= AIM OF THE TASK =
Which of the lines below contain the string "linear"? Copy each one.

(RECORDS PROVIDED begins)

(* Suppose Assumption (A) and conditions (R3) and (R4) hold. Then \[ \mathcal{G}_{q,\theta}[\tilde\mu_m,\tilde\pi_m]-\mathcal{G}_{q,\theta}[\mu,\pi]=\mathcal{O}_{\rm P}(a_m). \]
   Context: Let $Z$ be a random vector with values in $\Omega\subseteq\mathbb{R}^d$ and distribution $P$; $\mu,\pi:\Omega\to\mathbb{R}$ measurable. Fix $\alpha,\beta\in(0,1)$; $q$ satisfies $\Pr\{\mu(Z)\le q\}=\alpha$ and $\theta$ satisfies $\Pr\{\pi(Z)\le\theta\mid\mu(Z)=q\}=\beta$. For each $m$, $\tilde\mu_m,\tilde\pi_m:\Omega\to\mathbb{R}$ are random functions fitted from a sample independent of $Z$; $\Pr_m$ is probability conditional on them. For (possibly random) functions $g,h$, $\mathcal{G}_{x,y}[g,h]=\Pr_m\{h(Z)\le y\mid g(Z)=x\}$, computed conditionally on the fitted functions. $\|g\|_\infty$ is the $P$-essential supremum of $|g|$. Assumption (A): deterministic $a_m\to0$ with $\|\tilde\mu_m-\mu\|_\infty=\mathcal{O}_{\rm P}(a_m)$, $\|\tilde\pi_m-\pi\|_\infty=\mathcal{O}_{\rm P}(a_m)$ for large $m$. $\eta_m=a_m^{-1}(\tilde\mu_m-\mu)$, $\gamma_m=a_m^{-1}(\tilde\pi_m-\pi)$. (R3): for large $m$, conditionally, $(\mu(Z),\eta_m(Z),\pi(Z),\gamma_m(Z))$ has joint density $h_m(x,u,y,v)$ with $\partial_xh_m,\partial_yh_m$ existing for all arguments; $h^Y_m(x,u,y,v)=\int_{-\infty}^yh_m(x,u,\check y,v)d\check y$ has $\partial_xh^Y_m,\partial_x^2h^Y_m$ existing; nonnegative $\bar h_{m,i}(u,v),\bar h^Y_{m,i}(u,v)$ ($i=0,1,2$) satisfy $h_m\le\bar h_{m,0}$, $|\partial_xh_m|\le\bar h_{m,1}$, $|\partial_yh_m|\le\bar h_{m,2}$, $h^Y_m\le\bar h^Y_{m,0}$, $|\partial_xh^Y_m|\le\bar h^Y_{m,1}$, $|\partial_x^2h^Y_m|\le\bar h^Y_{m,2}$ for all $x,u,y,v$, with $\sup_m\iint(1+|u|+|v|)^r\bar h_{m,i}\,du\,dv<\infty$ and $\sup_m\iint(1+|u|+|v|)^r\bar h^Y_{m,i}\,du\,dv<\infty$ for $r=1,2$. (R4): $h^X_m(x,u,y,v)=\int_{-\infty}^xh_m(\check x,u,y,v)d\check x$ has $\partial_yh^X_m$ existing for all arguments; nonnegative $\bar h^X_{m,0},\bar h^X_{m,1}$ of $(u,v)$ satisfy $h^X_m\le\bar h^X_{m,0}$, $|\partial_yh^X_m|\le\bar h^X_{m,1}$, and $\sup_m\iint(1+|u|+|v|)\bar h^X_{m,i}\,du\,dv<\infty$, $i=0,1$. *)

theory Defs
  imports "HOL-Probability.Probability"
begin
(* A matroid is binary if and only if it is a BULMAC matroid, i.e., if and only if it is isomorphic to the matroid on $E_m=\{1,\dots,m\}$ with rank function $S\mapsto I(X[S];Y,X[S^c])$ for some linear deterministic binary MAC $W$ (that is, $Y=AX[E_m]$ for some matrix $A$ over $\mathbb{F}_2$ with $m$ columns).
   Context: A binary MAC with $m$ users is a channel $W$ with input alphabet $\mathbb{F}_2^m$ and finite output alphabet. Let $X[E_m]$ have i.i.d. uniform components on $\mathbb{F}_2$ and let $Y$ be the output of $W$ with input $X[E_m]$; for $S\subseteq E_m$, $X[S]=(X[i])_{i\in S}$, $S^c=E_m\setminus S$. Mutual information is in bits. A linear deterministic binary MAC is one with $W(y\mid x)=1$ if $y=Ax$ and $0$ otherwise, for a fixed matrix $A$ over $\mathbb{F}_2$. A matroid is binary if it is isomorphic to the vector matroid of a matrix over $\mathbb{F}_2$. *)

theory Defs
  imports "HOL-Probability.Probability_Mass_Function" "HOL-Library.Z2" "HOL-Library.Function_Algebras"
begin

definition matroid :: "'a set \<Rightarrow> ('a set \<Rightarrow> nat) \<Rightarrow> bool" where
  "matroid E r \<longleftrightarrow> finite E \<and>
     (\<forall>X. X \<subseteq> E \<longrightarrow> r X \<le> card X) \<and>
     (\<forall>X Y. X \<subseteq> Y \<and> Y \<subseteq> E \<longrightarrow> r X \<le> r Y) \<and>
     (\<forall>X Y. X \<subseteq> E \<and> Y \<subseteq> E \<longrightarrow> r (X \<union> Y) + r (X \<inter> Y) \<le> r X + r Y)"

(RECORDS PROVIDED ends)

= RESPONSE TO THE TASK =
(* A matroid is binary if and only if it is a BULMAC matroid, i.e., if and only if it is isomorphic to the matroid on $E_m=\{1,\dots,m\}$ with rank function $S\mapsto I(X[S];Y,X[S^c])$ for some linear deterministic binary MAC $W$ (that is, $Y=AX[E_m]$ for some matrix $A$ over $\mathbb{F}_2$ with $m$ columns).
   Context: A binary MAC with $m$ users is a channel $W$ with input alphabet $\mathbb{F}_2^m$ and finite output alphabet. Let $X[E_m]$ have i.i.d. uniform components on $\mathbb{F}_2$ and let $Y$ be the output of $W$ with input $X[E_m]$; for $S\subseteq E_m$, $X[S]=(X[i])_{i\in S}$, $S^c=E_m\setminus S$. Mutual information is in bits. A linear deterministic binary MAC is one with $W(y\mid x)=1$ if $y=Ax$ and $0$ otherwise, for a fixed matrix $A$ over $\mathbb{F}_2$. A matroid is binary if it is isomorphic to the vector matroid of a matrix over $\mathbb{F}_2$. *)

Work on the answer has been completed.